Saved entries:
-- Opening Marker --
lemma coeff_Qmono: "coeff (Qmono a) u p = (if u = [] \<and> p = a then 1 else 0)"
  by (simp add: Qmono_def Abs_alg_inverse)

lemma coeff_scalar: "coeff (scalar f) u p = (if p = (False, False) then f u else 0)"
  by (simp add: scalar_def fq_scalar_def Abs_alg_inverse)

lemma el_Q1_eq: "el_Q1 = coeff Q1" and el_Q2_eq: "el_Q2 = coeff Q2"
  by (simp_all add: fun_eq_iff coeff_Qmono el_Q1_def el_Q2_def)

lemma fq_scalar_eq: "fq_scalar f = coeff (scalar f)"
  by (simp add: scalar_def Abs_alg_inverse)

lemma coeff_Qmono_mult: "coeff (Qmono a * x) u p = mono_sign a (grade_add a p) * coeff x u (grade_add a p)"
proof -
  have C: "const_elem (coeff (Qmono a))"
    by (simp add: const_elem_def coeff_Qmono)
  show ?thesis
    unfolding coeff_mult el_mult_const_left[OF C] sum_UNIV_grades
    by (cases a) (auto simp: coeff_Qmono)
qed

lemma coeff_mult_Qmono:
  "coeff (x * Qmono a) u p = mono_sign (grade_add a p) a * wsign u a * coeff x u (grade_add a p)"
proof -
  have C: "const_elem (coeff (Qmono a))"
    by (simp add: const_elem_def coeff_Qmono)
  show ?thesis
    unfolding coeff_mult el_mult_const_right[OF C] sum_UNIV_grades
    by (cases a; cases p) (auto simp: coeff_Qmono grade_add_def)
qed

lemma mono_sign_self: "a \<noteq> (False, False) \<Longrightarrow> mono_sign a a = -1"
  by (cases a) (auto simp: mono_sign_def qpar_def)

lemma Qmono_square: "a \<noteq> (False, False) \<Longrightarrow> Qmono a * Qmono a = -1"
  by (rule alg_eqI) (auto simp: coeff_Qmono_mult coeff_Qmono coeff_uminus coeff_one mono_sign_self grade_add_def prod_eq_iff)

lemma Q1_Q2_anticommute: "Q1 * Q2 = - (Q2 * Q1)"
  by (rule alg_eqI) (auto simp: coeff_Qmono_mult coeff_Qmono coeff_uminus grade_add_def mono_sign_def qpar_def)

section \<open>Grading and order\<close>

declare split_paired_All [simp del] split_paired_Ex [simp del]

definition graded :: "bool \<times> bool \<Rightarrow> alg \<Rightarrow> bool" where
  "graded a x \<longleftrightarrow> (\<forall>u p. p \<noteq> a \<longrightarrow> coeff x u p = 0)"

definition order_ge :: "nat \<Rightarrow> alg \<Rightarrow> bool" where
  "order_ge n x \<longleftrightarrow> (\<forall>u p. length u < n \<longrightarrow> coeff x u p = 0)"

lemma gradedD: "graded a x \<Longrightarrow> p \<noteq> a \<Longrightarrow> coeff x u p = 0"
  by (simp add: graded_def)

lemma order_geD: "order_ge n x \<Longrightarrow> length u < n \<Longrightarrow> coeff x u p = 0"
  by (simp add: order_ge_def)

lemma graded_mult:
  assumes "graded a x" "graded b y"
  shows "graded (grade_add a b) (x * y)"
  unfolding graded_def
proof (intro allI impI)
  fix u p assume p: "p \<noteq> grade_add a b"
  have vanish: "coeff x (take k u) q * coeff y (drop k u) (grade_add q p) = 0" for k q
  proof (cases "q = a")
    case True
    then have "grade_add q p \<noteq> b"
      using p by (auto simp: grade_add_def prod_eq_iff)
    then show ?thesis using assms(2) by (simp add: gradedD)
  next
    case False
    then show ?thesis using assms(1) by (simp add: gradedD)
  qed
  show "coeff (x * y) u p = 0"
    unfolding coeff_mult el_mult_signed
    by (intro sum.neutral ballI) (metis (no_types) vanish atMost_iff mult.assoc mult_zero_right)
qed

lemma order_ge_mult:
  assumes "order_ge m x" "order_ge n y"
  shows "order_ge (m + n) (x * y)"
  unfolding order_ge_def
proof (intro allI impI)
  fix u :: word and p assume u: "length u < m + n"
  have vanish: "coeff x (take k u) q * coeff y (drop k u) (grade_add q p) = 0" if "k \<le> length u" for k q
  proof (cases "k < m")
    case True
    then show ?thesis using assms(1) that by (simp add: order_geD)
  next
    case False
    then show ?thesis using assms(2) that u by (simp add: order_geD)
  qed
  show "coeff (x * y) u p = 0"
    unfolding coeff_mult el_mult_signed
    by (intro sum.neutral ballI) (metis (no_types) vanish atMost_iff mult.assoc mult_zero_right)
qed

lemma graded_add: "graded a x \<Longrightarrow> graded a y \<Longrightarrow> graded a (x + y)"
  and graded_diff: "graded a x \<Longrightarrow> graded a y \<Longrightarrow> graded a (x - y)"
  and graded_zero: "graded a 0"
  and graded_one: "graded (False, False) 1"
  and graded_scalar: "graded (False, False) (scalar f)"
  and graded_Qmono: "graded a (Qmono a)"
  by (simp_all add: graded_def coeff_add coeff_diff coeff_zero coeff_one coeff_scalar coeff_Qmono)

lemma graded_mult_scalar: "graded (False, False) x \<Longrightarrow> graded (False, False) y \<Longrightarrow> graded (False, False) (x * y)"
  using graded_mult[of "(False, False)" x "(False, False)" y] by simp

lemma graded_power_scalar: "graded (False, False) x \<Longrightarrow> graded (False, False) (x ^ n)"
  by (induction n) (auto simp: graded_one graded_mult_scalar)

lemma graded_sum_scalar: "(\<And>k. graded (False, False) (f k)) \<Longrightarrow> graded (False, False) (\<Sum>k<(n::nat). f k)"
  by (induction n) (auto simp: graded_add graded_zero)

lemma order_ge_add: "order_ge n x \<Longrightarrow> order_ge n y \<Longrightarrow> order_ge n (x + y)"
  and order_ge_diff: "order_ge n x \<Longrightarrow> order_ge n y \<Longrightarrow> order_ge n (x - y)"
  and order_ge_uminus: "order_ge n x \<Longrightarrow> order_ge n (- x)"
  and order_ge_zero: "order_ge n 0"
  and order_ge_0: "order_ge 0 x"
  and order_ge_mono: "order_ge n x \<Longrightarrow> m \<le> n \<Longrightarrow> order_ge m x"
  by (simp_all add: order_ge_def coeff_add coeff_diff coeff_uminus coeff_zero)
-- Closing Marker --
The task:
Each line above with the string "assumes" should be reported in full.

Final answer:
  assumes "graded a x" "graded b y"
  assumes "order_ge m x" "order_ge n y"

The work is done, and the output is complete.